What filth is this now?’
‘My dear man,’ said Lymond coolly. ‘Oüez, oüez, oüez. Et vous taisez si vous pouvez. Joleta Reid Malett is a promiscuous little lady with a foul temper, who is carrying a child whose father she probably doesn’t know, even herself. It certainly isn’t mine. That baby is due to be born a good deal sooner than three months from now. Let me assure you that, far from being deflowered at Dumbarton, Joleta Malett wasn’t even a virgin. She was already carrying a child.’ And as the girl, her face wild, suddenly flung out her hands to still the unborn, flagrant in its virginal voile, Lymond added, his voice metallic, ‘And I wonder how Sir Graham Malett, Grand Cross of Grace of the Order, will enjoy being told
that
.’
Joleta’s cry, ‘He won’t believe it!’ coincided with Sybilla’s quieter voice. The Dowager said, slowly, ‘There is only your word for that, against Joleta’s. Why, since you hate him so, have you not given yourself the pleasure of telling Sir Graham before now?’
‘Because it is a lie!’ said Madame Donati’s shocked and furious voice.
‘Because he wants it—don’t you, Francis?—as a final, annihilating blow to strike Gabriel off from your heels. What did the Queen Dowager say to you, Francis?’ said Richard harshly. ‘We heard she had summoned you. Has she decided, too, that St Mary’s under a man of no discipline and no principles is too dangerous to exist?’
‘But
Graham
doesn’t want St Mary’s! He only wants … wants the best for you, because he admires you so.’ Joleta, her tears dried, was staring wide-eyed at Lymond. ‘You wouldn’t give him such pain?’
‘He’s going to be a little pained, isn’t he, whatever we do?’ said Lymond reasonably. ‘At least, this way he can retain his much-publicized respect for me while he proves that he doesn’t want St Mary’s.’
‘That,’ said Lord Culter softly, ‘is blackmail.’
Lymond said agreeably, ‘Yes, it is, isn’t it? The weasel and the basilisk. It’s a little troublesome, you see. The dice is loaded against me.
Nil est tam populare
, as you might say,
quam bonitas
.’
But Joleta, moving closer, her rosy hair falling disordered over her clear brow and cheek, said with a sudden, hurried intensity, ‘You want Graham to go away? If Graham went away, right away—if Graham promised never to come back … would you marry me?’

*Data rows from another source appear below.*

lemma prob_sum_deviation_le:
  fixes X :: "nat \<Rightarrow> 'a \<Rightarrow> real"
  assumes indep: "indep_vars (\<lambda>_. borel) X UNIV"
    and bounded: "\<And>i. AE \<omega> in M. X i \<omega> \<in> {a..b}" and "a < b"
    and centered: "\<And>i. expectation (X i) = 0"
    and "0 < n" and "0 \<le> e"
  shows "prob {\<omega> \<in> space M. real n * e \<le> \<bar>\<Sum>i<n. X i \<omega>\<bar>} \<le> 2 * exp (- 2 * e\<^sup>2 / (b - a)\<^sup>2) ^ n"
proof -
  interpret Hoeffding_ineq M "{..<n}" X "\<lambda>_. a" "\<lambda>_. b" 0
  proof unfold_locales
    show "indep_vars (\<lambda>_. borel) X {..<n}"
      using indep by (rule indep_vars_subset) simp
    show "AE \<omega> in M. X i \<omega> \<in> {a..b}" for i
      by (rule bounded)
  qed (simp, rule eq_reflection, simp add: centered)
  have "prob {\<omega> \<in> space M. real n * e \<le> \<bar>(\<Sum>i<n. X i \<omega>) - 0\<bar>}
      \<le> 2 * exp (- 2 * (real n * e)\<^sup>2 / (\<Sum>i<n. (b - a)\<^sup>2))"
    using \<open>a < b\<close> \<open>0 < n\<close> \<open>0 \<le> e\<close> by (intro Hoeffding_ineq_abs_ge) auto
  also have "- 2 * (real n * e)\<^sup>2 / (\<Sum>i<n. (b - a)\<^sup>2) = real n * (- 2 * e\<^sup>2 / (b - a)\<^sup>2)"
    using \<open>0 < n\<close> \<open>a < b\<close>
    by (simp add: field_simps power_mult_distrib power2_eq_square[of "real n"])
  also have "exp (real n * (- 2 * e\<^sup>2 / (b - a)\<^sup>2)) = exp (- 2 * e\<^sup>2 / (b - a)\<^sup>2) ^ n"
    by (rule exp_of_nat_mult)
  finally show ?thesis by simp
qed

lemma AE_eventually_abs_sum_less:
  fixes X :: "nat \<Rightarrow> 'a \<Rightarrow> real"
  assumes indep: "indep_vars (\<lambda>_. borel) X UNIV"
    and bounded: "\<And>i. AE \<omega> in M. X i \<omega> \<in> {a..b}" and "a < b"
    and centered: "\<And>i. expectation (X i) = 0"
    and "0 < e"
  shows "AE \<omega> in M. eventually (\<lambda>n. \<bar>\<Sum>i<n. X i \<omega>\<bar> < real n * e) sequentially"
proof -
  have [measurable]: "X i \<in> borel_measurable M" for i
    using indep unfolding indep_vars_def by blast
  define A where "A n = {\<omega> \<in> space M. real n * e \<le> \<bar>\<Sum>i<n. X i \<omega>\<bar>}" for n
  have A_sets: "A n \<in> sets M" for n
    unfolding A_def by measurable
  define c where "c = exp (- 2 * e\<^sup>2 / (b - a)\<^sup>2)"
  have bound: "prob (A n) \<le> 2 * c ^ n" for n
  proof (cases "n = 0")
    case True
    then show ?thesis by (simp add: order_trans[OF prob_le_1])
  next
    case False
    then show ?thesis unfolding A_def c_def
      using \<open>0 < e\<close> by (intro prob_sum_deviation_le[OF indep bounded \<open>a < b\<close> centered]) auto
  qed
  have "summable (\<lambda>n. 2 * c ^ n)"
    using \<open>0 < e\<close> \<open>a < b\<close> by (intro summable_mult summable_geometric) (simp add: c_def)
  then have "summable (\<lambda>n. prob (A n))"
    by (rule summable_comparison_test') (simp add: bound)
  then have "AE \<omega> in M. eventually (\<lambda>n. \<omega> \<in> space M - A n) sequentially"
    by (intro borel_cantelli_AE1 A_sets) (simp_all add: emeasure_eq_measure)
  then show ?thesis
    by eventually_elim (auto elim!: eventually_mono simp: A_def not_le)
qed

And Lymond’s bright, sardonic face, looking into hers, lost all its amusement; all its icy amiability; all its social charm. ‘My dear sister in Christ, and mother in expectation, I may be what Buccleuch has called me: a harlot. But a
discriminating
harlot, my dear.’ And, flashing out an arm, he snatched, lightly from below her labouring grasp, a fine glass vase of Sybilla’s at her side. ‘You don’t sign your work twice,’ he said softly. ‘It’s unlucky.’ And watched as, dizzily, the child stumbled into Donna Donati’s sheltering arms.